Instead, we could borrow a singular/plural memelet from shell globbing, where *
means multiple characters, and ?
means one character:
@a ?+ @b
@a */ @b
But that has a bad ambiguity. How do you tell whether **
is an exponentiation or a list multiplication? So if we went that route, we'd probably have to say:
@a ?:+ @b
@a *:/ @b
Or some such. But if we're going that far in the direction of gobbledygook, perhaps there are prefix characters that wouldn't be so ambiguous. The colon and the dot also have a visual singular/plural value:
@a .+ @b
@a :/ @b
We're already changing the old meaning of dot (and I'm planning to rescue colon from the ?:
operator), so perhaps that could be made to work. You could almost think of dot and colon as complementary method calls, where you could say:
$len = @a.length; # length as a scalar operator
@len = @a:length; # length as a list operator
But that would interfere with other desirable uses of colon. Plus, it's actually going to be confusing to think of these as singular and plural operators because, while we're specifying that we want a "plural" operator, we're not specifying how to treat the plurality. Consider this:
@len = list:length(@a);
Anyone would naively think that returns the length of the list, not the length of each element of the list. To make it work in English, we'd actually have to say something like this:
@len = each:length(@a);
$len = the:length(@a);
That would be equivalent to the method calls:
@len = @a.each:length;
$len = @a.the:length;
But does this really mean that there are two array methods with those weird names? I don't think so. We've reached a result here that is spectacularly close to a reductio ad absurdum. It seems to me that the whole point of this RFC is that the "eachness" is most simply specified by the list context, together with the knowledge that length()
is a function/method that maps one scalar value to another. The distribution of that function over an array value is not something the scalar function should be concerned with, except insofar as it must make sure its type signature is correct.
And there's the rub. We're really talking about enforced strong typing for this to work right. When we say:
@foo = @bar.mumble
How do we know whether mumble
has the type signature that magically enables iteration over @bar
? That definition is off in some other file that we may not have memorized quite yet. We need some more explicit syntax that says that auto-interation is expected, regardless of whether the definition of the operator is well specified. Magical auto-iteration is not going to work well in a language with optional typing.
So the resolution of this is that the unmarked forms of operators will force scalar context as they do in Perl 5, and we'll need a special marker that says an operator is to be auto-iterated. That special marker turns out to be an uparrow, with a tip o' the hat to higher-order functions. That is, the hyper-operator:
@a ^* @b
is equivalent to this:
parallel { $^a * $^b } @a, @b
(where parallel
is a hypothetical function that iterates through multiple arrays in parallel.)

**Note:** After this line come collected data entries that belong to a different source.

(* Let $H$ be a weak Hopf algebra. The category ${}_H\mathbf{parMod}$ of partial $H$-modules is isomorphic to the category ${}_{{H_{par}^w}}\mathbf{Mod}$ of left modules over ${H_{par}^w}$.
   Context: All algebras are associative and unital over a field $\Bbbk$; Sweedler notation $\Delta(h)=h_1\otimes h_2$. A weak Hopf algebra is $(H,m,u,\Delta,\varepsilon,S)$ with $H$ an algebra, $(H,\Delta,\varepsilon)$ a coalgebra, and for all $g,h,k$: $\Delta(kh)=\Delta(k)\Delta(h)$; $\varepsilon(kh_1)\varepsilon(h_2g)=\varepsilon(khg)=\varepsilon(kh_2)\varepsilon(h_1g)$; $(1\otimes\Delta(1))(\Delta(1)\otimes1)=\Delta^2(1)=(\Delta(1)\otimes1)(1\otimes\Delta(1))$; $h_1S(h_2)=\varepsilon(1_1h)1_2$; $S(h_1)h_2=1_1\varepsilon(h1_2)$; $S(h)=S(h_1)h_2S(h_3)$, where $\Delta(1)=1_1\otimes1_2$. ${H_{par}^w}=T(H)/I$, where $T(H)$ is the tensor algebra of the vector space $H$ and $I$ is the ideal generated by, for all $h,k\in H$: $1_H-1_{T(H)}$; $h\otimes k_1\otimes S(k_2)-hk_1\otimes S(k_2)$; $h\otimes S(k_1)\otimes k_2-hS(k_1)\otimes k_2$; $h_1\otimes S(h_2)\otimes k-h_1\otimes S(h_2)k$; $S(h_1)\otimes h_2\otimes k-S(h_1)\otimes h_2k$; $h-h_1\otimes S(h_2)\otimes h_3$. A partial $H$-module is a vector space $M$ with a linear map $\bullet\colon H\otimes M\to M$ such that for all $m\in M$, $h,k\in H$: $1_H\bullet m=m$; $h\bullet(k_1\bullet(S(k_2)\bullet m))=hk_1\bullet(S(k_2)\bullet m)$; $h\bullet(S(k_1)\bullet(k_2\bullet m))=hS(k_1)\bullet(k_2\bullet m)$; $h_1\bullet(S(h_2)\bullet(k\bullet m))=h_1\bullet(S(h_2)k\bullet m)$; $S(h_1)\bullet(h_2\bullet(k\bullet m))=S(h_1)\bullet(h_2k\bullet m)$; $h_1\bullet(S(h_2)\bullet(h_3\bullet m))=h\bullet m$. Morphisms of partial $H$-modules are linear maps $f$ with $f(h\bullet m)=h\bullet f(m)$. *)

theory Defs
  imports Complex_Main "HOL-Library.Function_Algebras"
begin

text \<open>Elements of the free k-vector space on words (lists) of elements of H are
finitely supported functions 'h list => 'k.  The n-th tensor power of H is the
quotient of the span of words of length n by the multilinearity relations; the
tensor algebra T(H) is the quotient of the whole free space by these relations.\<close>

definition fdelta :: "'h list \<Rightarrow> ('h list \<Rightarrow> 'k::zero_neq_one)" where
  "fdelta w = (\<lambda>v. if v = w then 1 else 0)"

definition fscale :: "'k::times \<Rightarrow> ('h list \<Rightarrow> 'k) \<Rightarrow> ('h list \<Rightarrow> 'k)" where
  "fscale c f = (\<lambda>w. c * f w)"

definition fsupp :: "('h list \<Rightarrow> 'k::zero) \<Rightarrow> 'h list set" where
  "fsupp f = {w. f w \<noteq> 0}"

definition Free :: "('h list \<Rightarrow> 'k::zero) set" where
  "Free = {f. finite (fsupp f)}"

text \<open>Elements supported on words of length 2 (representatives of elements of H (x) H).\<close>
definition Free2 :: "('h list \<Rightarrow> 'k::zero) set" where
  "Free2 = {f \<in> Free. \<forall>w \<in> fsupp f. length w = 2}"

definition lsum :: "('k \<Rightarrow> 'v \<Rightarrow> 'v) \<Rightarrow> ('h list \<Rightarrow> 'v::comm_monoid_add) \<Rightarrow> ('h list \<Rightarrow> 'k::zero) \<Rightarrow> 'v" where
  "lsum sc G f = (\<Sum>w\<in>fsupp f. sc (f w) (G w))"

definition on2 :: "('h \<Rightarrow> 'h \<Rightarrow> 'v::zero) \<Rightarrow> 'h list \<Rightarrow> 'v" where
  "on2 F w = (case w of [a, b] \<Rightarrow> F a b | _ \<Rightarrow> 0)"

definition on3 :: "('h \<Rightarrow> 'h \<Rightarrow> 'h \<Rightarrow> 'v::zero) \<Rightarrow> 'h list \<Rightarrow> 'v" where
  "on3 F w = (case w of [a, b, c] \<Rightarrow> F a b c | _ \<Rightarrow> 0)"

text \<open>Concatenation product (the tensor product of tensors; the product of T(H)).\<close>
definition conv :: "('h list \<Rightarrow> 'k::comm_ring_1) \<Rightarrow> ('h list \<Rightarrow> 'k) \<Rightarrow> ('h list \<Rightarrow> 'k)" where
  "conv f g = (\<lambda>w. \<Sum>i\<le>length w. f (take i w) * g (drop i w))"

text \<open>Componentwise product (the algebra structure of the tensor powers of H).\<close>
definition cmul :: "('h::times list \<Rightarrow> 'k::comm_ring_1) \<Rightarrow> ('h list \<Rightarrow> 'k) \<Rightarrow> ('h list \<Rightarrow> 'k)" where
  "cmul f g = lsum fscale (\<lambda>u. lsum fscale (\<lambda>v. fdelta (map2 (*) u v)) g) f"

inductive_set lspan :: "('h list \<Rightarrow> 'k::comm_ring_1) set \<Rightarrow> ('h list \<Rightarrow> 'k) set"
  for S where
    lspan_zero: "0 \<in> lspan S"
  | lspan_step: "x \<in> lspan S \<Longrightarrow> g \<in> S \<Longrightarrow> x + fscale c g \<in> lspan S"

text \<open>Multilinearity relations (sH is the scalar multiplication of H).\<close>
definition linrel :: "('k::field \<Rightarrow> 'h::ring_1 \<Rightarrow> 'h) \<Rightarrow> ('h list \<Rightarrow> 'k) set" where
  "linrel sH =
     {fdelta (u @ [a + b] @ v) - fdelta (u @ [a] @ v) - fdelta (u @ [b] @ v) | u a b v. True}
   \<union> {fdelta (u @ [sH c a] @ v) - fscale c (fdelta (u @ [a] @ v)) | u c a v. True}"

text \<open>Equality in the tensor powers of H.\<close>
definition teq :: "('k::field \<Rightarrow> 'h::ring_1 \<Rightarrow> 'h) \<Rightarrow> ('h list \<Rightarrow> 'k) \<Rightarrow> ('h list \<Rightarrow> 'k) \<Rightarrow> bool" where
  "teq sH x y \<longleftrightarrow> x - y \<in> lspan (linrel sH)"

definition ideal_gen :: "('h list \<Rightarrow> 'k::comm_ring_1) set \<Rightarrow> ('h list \<Rightarrow> 'k) set" where
  "ideal_gen S = lspan {conv (conv (fdelta u) g) (fdelta v) | u g v. g \<in> S}"

text \<open>(Delta (x) id) Delta h, i.e. h_1 (x) h_2 (x) h_3.\<close>
definition D2 :: "('h \<Rightarrow> ('h list \<Rightarrow> 'k::comm_ring_1)) \<Rightarrow> 'h \<Rightarrow> ('h list \<Rightarrow> 'k)" where
  "D2 \<Delta> h = lsum fscale (on2 (\<lambda>a b. conv (\<Delta> a) (fdelta [b]))) (\<Delta> h)"

definition weak_hopf_algebra ::
  "('k::field \<Rightarrow> 'h::ring_1 \<Rightarrow> 'h) \<Rightarrow> ('h \<Rightarrow> ('h list \<Rightarrow> 'k)) \<Rightarrow> ('h \<Rightarrow> 'k) \<Rightarrow> ('h \<Rightarrow> 'h) \<Rightarrow> bool" where
  "weak_hopf_algebra sH \<Delta> \<epsilon> S \<longleftrightarrow>
     \<comment> \<open>H is a k-algebra\<close>
     vector_space sH
   \<and> (\<forall>c x y. sH c (x * y) = sH c x * y \<and> sH c (x * y) = x * sH c y)
   \<comment> \<open>(H, Delta, epsilon) is a coalgebra\<close>
   \<and> (\<forall>h. \<Delta> h \<in> Free2)
   \<and> (\<forall>x y. teq sH (\<Delta> (x + y)) (\<Delta> x + \<Delta> y))
   \<and> (\<forall>c x. teq sH (\<Delta> (sH c x)) (fscale c (\<Delta> x)))
   \<and> Vector_Spaces.linear sH (*) \<epsilon>
   \<and> (\<forall>h. teq sH (D2 \<Delta> h) (lsum fscale (on2 (\<lambda>a b. conv (fdelta [a]) (\<Delta> b))) (\<Delta> h)))
   \<and> (\<forall>h. teq sH (lsum fscale (on2 (\<lambda>a b. fscale (\<epsilon> a) (fdelta [b]))) (\<Delta> h)) (fdelta [h]))
   \<and> (\<forall>h. teq sH (lsum fscale (on2 (\<lambda>a b. fscale (\<epsilon> b) (fdelta [a]))) (\<Delta> h)) (fdelta [h]))
   \<comment> \<open>S is linear\<close>
   \<and> Vector_Spaces.linear sH sH S
   \<comment> \<open>weak Hopf axioms\<close>
   \<and> (\<forall>k h. teq sH (\<Delta> (k * h)) (cmul (\<Delta> k) (\<Delta> h)))
   \<and> (\<forall>k h g. lsum (*) (on2 (\<lambda>a b. \<epsilon> (k * a) * \<epsilon> (b * g))) (\<Delta> h) = \<epsilon> (k * h * g)
            \<and> \<epsilon> (k * h * g) = lsum (*) (on2 (\<lambda>a b. \<epsilon> (k * b) * \<epsilon> (a * g))) (\<Delta> h))
   \<and> teq sH (cmul (conv (fdelta [1]) (\<Delta> 1)) (conv (\<Delta> 1) (fdelta [1]))) (D2 \<Delta> 1)
   \<and> teq sH (D2 \<Delta> 1) (cmul (conv (\<Delta> 1) (fdelta [1])) (conv (fdelta [1]) (\<Delta> 1)))
   \<and> (\<forall>h. lsum sH (on2 (\<lambda>a b. a * S b)) (\<Delta> h) = lsum sH (on2 (\<lambda>a b. sH (\<epsilon> (a * h)) b)) (\<Delta> 1))
   \<and> (\<forall>h. lsum sH (on2 (\<lambda>a b. S a * b)) (\<Delta> h) = lsum sH (on2 (\<lambda>a b. sH (\<epsilon> (h * b)) a)) (\<Delta> 1))
   \<and> (\<forall>h. S h = lsum sH (on3 (\<lambda>a b c. S a * b * S c)) (D2 \<Delta> h))"

text \<open>Lifts to the free algebra of the generators of the ideal I.\<close>
definition parrels :: "('h::ring_1 \<Rightarrow> ('h list \<Rightarrow> 'k::comm_ring_1)) \<Rightarrow> ('h \<Rightarrow> 'h) \<Rightarrow> ('h list \<Rightarrow> 'k) set" where
  "parrels \<Delta> S =
     {fdelta [1] - fdelta []}
   \<union> {lsum fscale (on2 (\<lambda>a b. fdelta [h, a, S b] - fdelta [h * a, S b])) (\<Delta> k) | h k. True}
   \<union> {lsum fscale (on2 (\<lambda>a b. fdelta [h, S a, b] - fdelta [h * S a, b])) (\<Delta> k) | h k. True}
   \<union> {lsum fscale (on2 (\<lambda>a b. fdelta [a, S b, k] - fdelta [a, S b * k])) (\<Delta> h) | h k. True}
   \<union> {lsum fscale (on2 (\<lambda>a b. fdelta [S a, b, k] - fdelta [S a, b * k])) (\<Delta> h) | h k. True}
   \<union> {fdelta [h] - lsum fscale (on3 (\<lambda>a b c. fdelta [a, S b, c])) (D2 \<Delta> h) | h. True}"

text \<open>The ideal of the free algebra whose quotient is H_par^w
  (preimage of I under the projection from the free algebra onto T(H)).\<close>
definition Jpar where
  "Jpar sH \<Delta> S = ideal_gen (linrel sH \<union> parrels \<Delta> S)"

definition cls :: "('h list \<Rightarrow> 'k::comm_ring_1) set \<Rightarrow> ('h list \<Rightarrow> 'k) \<Rightarrow> ('h list \<Rightarrow> 'k) set" where
  "cls J x = {y \<in> Free. x - y \<in> J}"

definition Hpar where
  "Hpar sH \<Delta> S = cls (Jpar sH \<Delta> S) ` Free"

definition rep :: "'a set \<Rightarrow> 'a" where "rep X = (SOME x. x \<in> X)"

definition qadd where "qadd J X Y = cls J (rep X + rep Y)"
definition qscale where "qscale J c X = cls J (fscale c (rep X))"
definition qmul where "qmul J X Y = cls J (conv (rep X) (rep Y))"
definition qone where "qone J = cls J (fdelta [])"

definition par_alg_module ::
  "('k::field \<Rightarrow> 'h::ring_1 \<Rightarrow> 'h) \<Rightarrow> ('h \<Rightarrow> ('h list \<Rightarrow> 'k)) \<Rightarrow> ('h \<Rightarrow> 'h)
   \<Rightarrow> ('k \<Rightarrow> 'm::ab_group_add \<Rightarrow> 'm) \<Rightarrow> (('h list \<Rightarrow> 'k) set \<Rightarrow> 'm \<Rightarrow> 'm) \<Rightarrow> bool" where
  "par_alg_module sH \<Delta> S sM act \<longleftrightarrow>
     (let J = Jpar sH \<Delta> S; A = Hpar sH \<Delta> S in
       (\<forall>X. X \<notin> A \<longrightarrow> act X = (\<lambda>_. undefined))
     \<and> (\<forall>X\<in>A. Vector_Spaces.linear sM sM (act X))
     \<and> (\<forall>X\<in>A. \<forall>Y\<in>A. \<forall>m. act (qadd J X Y) m = act X m + act Y m)
     \<and> (\<forall>c. \<forall>X\<in>A. \<forall>m. act (qscale J c X) m = sM c (act X m))
     \<and> (\<forall>X\<in>A. \<forall>Y\<in>A. \<forall>m. act (qmul J X Y) m = act X (act Y m))
     \<and> (\<forall>m. act (qone J) m = m))"

definition par_alg_module_hom where
  "par_alg_module_hom sH \<Delta> S sM sN act act' f \<longleftrightarrow>
     Vector_Spaces.linear sM sN f
   \<and> (\<forall>X\<in>Hpar sH \<Delta> S. \<forall>m. f (act X m) = act' X (f m))"

definition partial_module ::
  "('k::field \<Rightarrow> 'h::ring_1 \<Rightarrow> 'h) \<Rightarrow> ('h \<Rightarrow> ('h list \<Rightarrow> 'k)) \<Rightarrow> ('h \<Rightarrow> 'h)
   \<Rightarrow> ('k \<Rightarrow> 'm::ab_group_add \<Rightarrow> 'm) \<Rightarrow> ('h \<Rightarrow> 'm \<Rightarrow> 'm) \<Rightarrow> bool" where
  "partial_module sH \<Delta> S sM act \<longleftrightarrow>
     \<comment> \<open>the action is a linear map H (x) M \<rightarrow> M, i.e. bilinear\<close>
     (\<forall>h. Vector_Spaces.linear sM sM (act h))
   \<and> (\<forall>m. Vector_Spaces.linear sH sM (\<lambda>h. act h m))
   \<and> (\<forall>m. act 1 m = m)
   \<and> (\<forall>h k m. lsum sM (on2 (\<lambda>a b. act h (act a (act (S b) m)))) (\<Delta> k)
             = lsum sM (on2 (\<lambda>a b. act (h * a) (act (S b) m))) (\<Delta> k))
   \<and> (\<forall>h k m. lsum sM (on2 (\<lambda>a b. act h (act (S a) (act b m)))) (\<Delta> k)
             = lsum sM (on2 (\<lambda>a b. act (h * S a) (act b m))) (\<Delta> k))
   \<and> (\<forall>h k m. lsum sM (on2 (\<lambda>a b. act a (act (S b) (act k m)))) (\<Delta> h)
             = lsum sM (on2 (\<lambda>a b. act a (act (S b * k) m))) (\<Delta> h))
   \<and> (\<forall>h k m. lsum sM (on2 (\<lambda>a b. act (S a) (act b (act k m)))) (\<Delta> h)
             = lsum sM (on2 (\<lambda>a b. act (S a) (act (b * k) m))) (\<Delta> h))
   \<and> (\<forall>h m. lsum sM (on3 (\<lambda>a b c. act a (act (S b) (act c m)))) (D2 \<Delta> h) = act h m)"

[Update: These days hyper operators are marked with German quotes: »*«
. We stole ^
for exclusive-or junctions.]
Hyper operators will also intuit where a dimension is missing from one of its arguments, and replicate a scalar value to a list value in that dimension. That means you can say:
@a ^+ 1
to get a value with one added to each element of @a
. (@a
is unchanged.)
I don't believe there are any insurmountable ambiguities with the uparrow notation. There is currently an uparrow operator meaning exclusive-or, but that is rarely used in practice, and is not typically followed by other operators when it is used. We can represent exclusive-or with ~
instead. (I like that idea anyway, because the unary ~
is a 1's complement, and the binary ~
would simply be doing a 1's complement on the second argument of the set bits in the first argument. On the other hand, there's destructive interference with other cultural meanings of tilde, so it's not completely obvious that it's the right thing to do. Nevertheless, that's what we're doing.)
[Update: Except we're not. Unary and binary ~
are now string operators, and C's bitwise ops have been demoted to longer operators with a prefix.]
Anyway, in essence, I'm rejecting the underlying premise of this RFC, that we'll have strong enough typing to intuit the right behavior without confusing people. Nevertheless, we'll still have easy-to-use (and more importantly, easy-to-recognize) hyper-operators.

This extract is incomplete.